The Copernicus EO programme is a cooperation of the European Union (EU) and the European Space Agency (ESA). This agency is responsible for coordinating the satellite acquisition and delivery of the EO data. Since the launch in 2014 of Sentinel-1A, the fleet of Sentinel satellites is delivering data for environmental monitoring and civil security applications.

Copernicus is served by a set of dedicated satellites (the Sentinel families) and contributing missions (existing commercial and public satellites). The Sentinel satellites are specifically designed to meet the needs of the Copernicus services and their users (Table 4.1).

Table 4.1 Sentinel missionsFootnote

https://sentinels.copernicus.eu/web/sentinel/missions.

Thematic Services

Besides the Sentinel satellite constellation, Copernicus also provides access to specific services, which fall into six main thematic categoriesFootnote 8: services for land management, services for the marine environment, services relating to the atmosphere, services to aid emergency response, services associated with security and services relating to climate change.

  • Land Monitoring: Monitoring the Earth's land is useful for many fields, particularly agriculture, forestry, topography and land-cover and land-change studies. The data can be used to track current trends and predict future changes.

  • Marine Monitoring: Information on the state and dynamics of the ocean and coastal zones can be used to help protect and manage the marine environment and resources more effectively, as well as ensure safety at sea and monitor pollution from oil spills and other events.

  • Atmospheric Monitoring: Monitoring the quality and condition of our planet's atmosphere is important in that it helps us to understand how we may be affected and is an essential tool in forecasting weather events.

  • Managing Emergency: When an emergency occurs, satellite data can prove essential in forming a response. Historical data can provide perspective on a situation, while current data can help to analyse and manage the emergency.

  • Security: Surveillance and security can be difficult to manage from the ground. Observations from space can make monitoring borders and sea routes much easier and track developing situations.

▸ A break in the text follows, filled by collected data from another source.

(* Let $G$ be a group with identity $e$, let $A$ be a set with at least two elements, and let $\tau : A^G \to A^G$ be a lazy cellular automaton with unique active transition $p \in A^S$ (where $S \subseteq G$ is finite with $e \in S$) and writing symbol $a \in A \setminus \{ p(e) \}$. Assume that $p$ is quasi-constant with non-constant element $r \in S$. \begin{enumerate} \item If $a \neq p(s)$ for all $s \in S$, then $\mathrm{ord}(\tau)=2$. \item If $r \neq e$ and $a= p(r)$, then $\mathrm{ord}(\tau)$ is finite if and only if there exists $n \geq 2$ such that $r^n \in S$. Moreover, in this case, $\mathrm{ord}(\tau) = \min \{ n \geq 2 : r^n \in S \}$. \item If $r = e$ and $a = p(s)$ for all $s \in S \setminus \{e\}$, then $\mathrm{ord}(\tau)$ is finite if and only if there exists $n \geq 2$ such that for every word $w\in (S\setminus\{e\})^{n-1}$ there exists a subword $v\sqsubseteq w$ with $\theta(v)^{-1}\in S$. In that case, $\mathrm{ord}(\tau)$ is the minimum $n \geq 2$ satisfying this property. \end{enumerate}
   Context: $A^G$ is the set of all maps $G \to A$, with the shift action $(g\cdot x)(h) := x(hg)$ for $g,h \in G$, $x \in A^G$. A cellular automaton is a map $\tau : A^G \to A^G$ for which there are a finite $S \subseteq G$ and a local map $\mu : A^S \to A$ with $\tau(x)(g) = \mu((g\cdot x)|_S)$ for all $x \in A^G$, $g \in G$. $\tau$ is lazy if there is such a local defining map $\mu : A^S \to A$ with $e \in S$ and a pattern $p \in A^S$ such that for all $z \in A^S$: $\mu(z) = z(e)$ if and only if $z \neq p$; then $p$ is the unique active transition of $\tau$ and $a := \mu(p) \in A \setminus\{p(e)\}$ is its writing symbol. $\tau^k$ denotes the $k$-fold composition ($\tau^0$ the identity), and $\mathrm{ord}(\tau) := |\{\tau^k : k \in \mathbb{N}\}|$ with $\mathbb{N} = \{0,1,2,\dots\}$. A pattern $p \in A^S$ is quasi-constant if $p$ is not constant and there is $r \in S$ such that $p|_{S\setminus\{r\}}$ is constant; such $r$ is the non-constant element of $p$. A word of length $m$ on $T \subseteq G$ is an element $(s_1,\dots,s_m) \in T^m$; $\theta(s_1,\dots,s_m) := s_1 s_2 \cdots s_m \in G$; $v$ is a subword of $w=(s_1,\dots,s_m)$, written $v \sqsubseteq w$, if $v = (s_i, s_{i+1},\dots,s_j)$ for some $1 \le i \le j \le m$. *)

theory Defs
  imports Main "HOL-Library.FuncSet" "HOL-Library.Sublist"
begin

text \<open>The group G is a type of class group_add (operation written +, identity 0,
  inverse -); the alphabet A is a type 'a.
  Patterns in A^S are functions in extensional S (value undefined outside S).\<close>

definition shift :: "'g::group_add \<Rightarrow> ('g \<Rightarrow> 'a) \<Rightarrow> ('g \<Rightarrow> 'a)" where
  "shift g x = (\<lambda>h. x (h + g))"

  • Climate Change: Satellites are a vital tool in monitoring our world's changing climate, providing wide-scale views of affected areas and contributing to growing archives of data for use in long-term studies.

Most of the data and information are delivered by Copernicus, and its services are made available via a “free, full and open” policy to any citizen and any organization everywhere on Earth.

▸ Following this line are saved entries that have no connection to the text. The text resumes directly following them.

(* Let $\mathcal{K}: C^0[0,1]\to C^0[0,1]$ be the backstepping kernel operator, i.e. $k=\mathcal{K}(\beta)$ is the continuous solution of $k(x) = -\beta(x) + \int_0^x \beta(x-y)k(y)\,dy$ for $x\in[0,1]$. Then for any $B>0$ and any pair $\beta_1,\beta_2\in C^0[0,1]$ with $\|\beta_1\|_\infty\le B$ and $\|\beta_2\|_\infty\le B$, $$\|\mathcal{K}(\beta_1)-\mathcal{K}(\beta_2)\|_\infty \le e^{3B}\,\|\beta_1-\beta_2\|_\infty .$$
   Context: $\|\cdot\|_\infty$ denotes the supremum norm over $[0,1]$. The convolution is $(a*b)(x)=\int_0^x a(x-y)b(y)\,dy$, so the kernel equation reads $\mathcal{K}(\beta) = -\beta + \beta*\mathcal{K}(\beta)$. *)

theory Defs
  imports "HOL-Analysis.Analysis"
begin

definition supnorm :: "(real \<Rightarrow> real) \<Rightarrow> real" where
  "supnorm f = (SUP x\<in>{0..1}. \<bar>f x\<bar>)"

definition conv :: "(real \<Rightarrow> real) \<Rightarrow> (real \<Rightarrow> real) \<Rightarrow> real \<Rightarrow> real" where
  "conv a b x = integral {0..x} (\<lambda>y. a (x - y) * b y)"

definition kernel_eq :: "(real \<Rightarrow> real) \<Rightarrow> (real \<Rightarrow> real) \<Rightarrow> bool" where
  "kernel_eq \<beta> k \<longleftrightarrow> continuous_on {0..1} k \<and>
     (\<forall>x\<in>{0..1}. k x = - \<beta> x + conv \<beta> k x)"

text \<open>The backstepping kernel operator; functions on [0,1] are represented as
  real functions that vanish outside [0,1] (canonical representative).\<close>
definition Kop :: "(real \<Rightarrow> real) \<Rightarrow> (real \<Rightarrow> real)" where
  "Kop \<beta> = (THE k. kernel_eq \<beta> k \<and> (\<forall>x. x \<notin> {0..1} \<longrightarrow> k x = 0))"

end

theory Submission
  imports Defs
begin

For dissemination of level 0, level 1 and level 2 products, ESA provides access via the Copernicus Open Access HubFootnote 9 portal, providing access to Sentinel-1, -2, -3 and -5p data through an interactive graphical user interface. Additionally, there are the Collaborative Data Hub, International Access Hub and Copernicus Services Data Hub which are providing access to public authorities, European projects and Copernicus services.

3.2.2 DIAS

In order to facilitate the access of Earth observation products and the development of EO-powered applications for end users, five different Data and Information Access Services (DIAS) are available (see Table 4.2). The DIASes provide access to product repositories in cloud storage. They primarily are not thought to be used as “dissemination” hubs (download bandwidth is even lower than at Open Access Hub, and it is generally not free). The DIAS provides platforms for hosting processing in vicinity to the cloud storage. End users can bring their algorithms and run them with free and fast access to the product data (by combining simple access to curated petabyte-size collections of Copernicus, other satellite and third-party data). Eventually, the end user only needs to download the (typically low volume) processing results and not the (high volume) satellite input products.

Table 4.2 DIAS providers

3.2.3 Other

Other data access portals are available as well:

  • Amazon Web Services (AWS) and Google Cloud Platform (GCP) offering storage and processing platforms services similar like the DIAS but differing in product offers and service pricing

  • Sentinel HubFootnote 10 is a commercial data access and on-the-fly processing software instantiated on AWS and on two of the DIAS and exposing an application programme interface (API) to user applications for accessing Copernicus and Landsat products and derivatives.

4 Selected Technologies

The present section identifies information technology domains and contains further practically relevant insights (mainly from DataBio data access components) into these for builders of applications and systems using EO data and cloud-based environments.

4.1 Metadata Catalogue

As per the OGC definitionFootnote 11: “Catalogue services support the ability to publish and search collections of descriptive information (metadata) for data, services and related information objects. Metadata in catalogues represent resource characteristics that can be queried and presented for evaluation and further processing by both humans and software. Catalogue services are required to support the discovery and binding to registered information resources within an information community”.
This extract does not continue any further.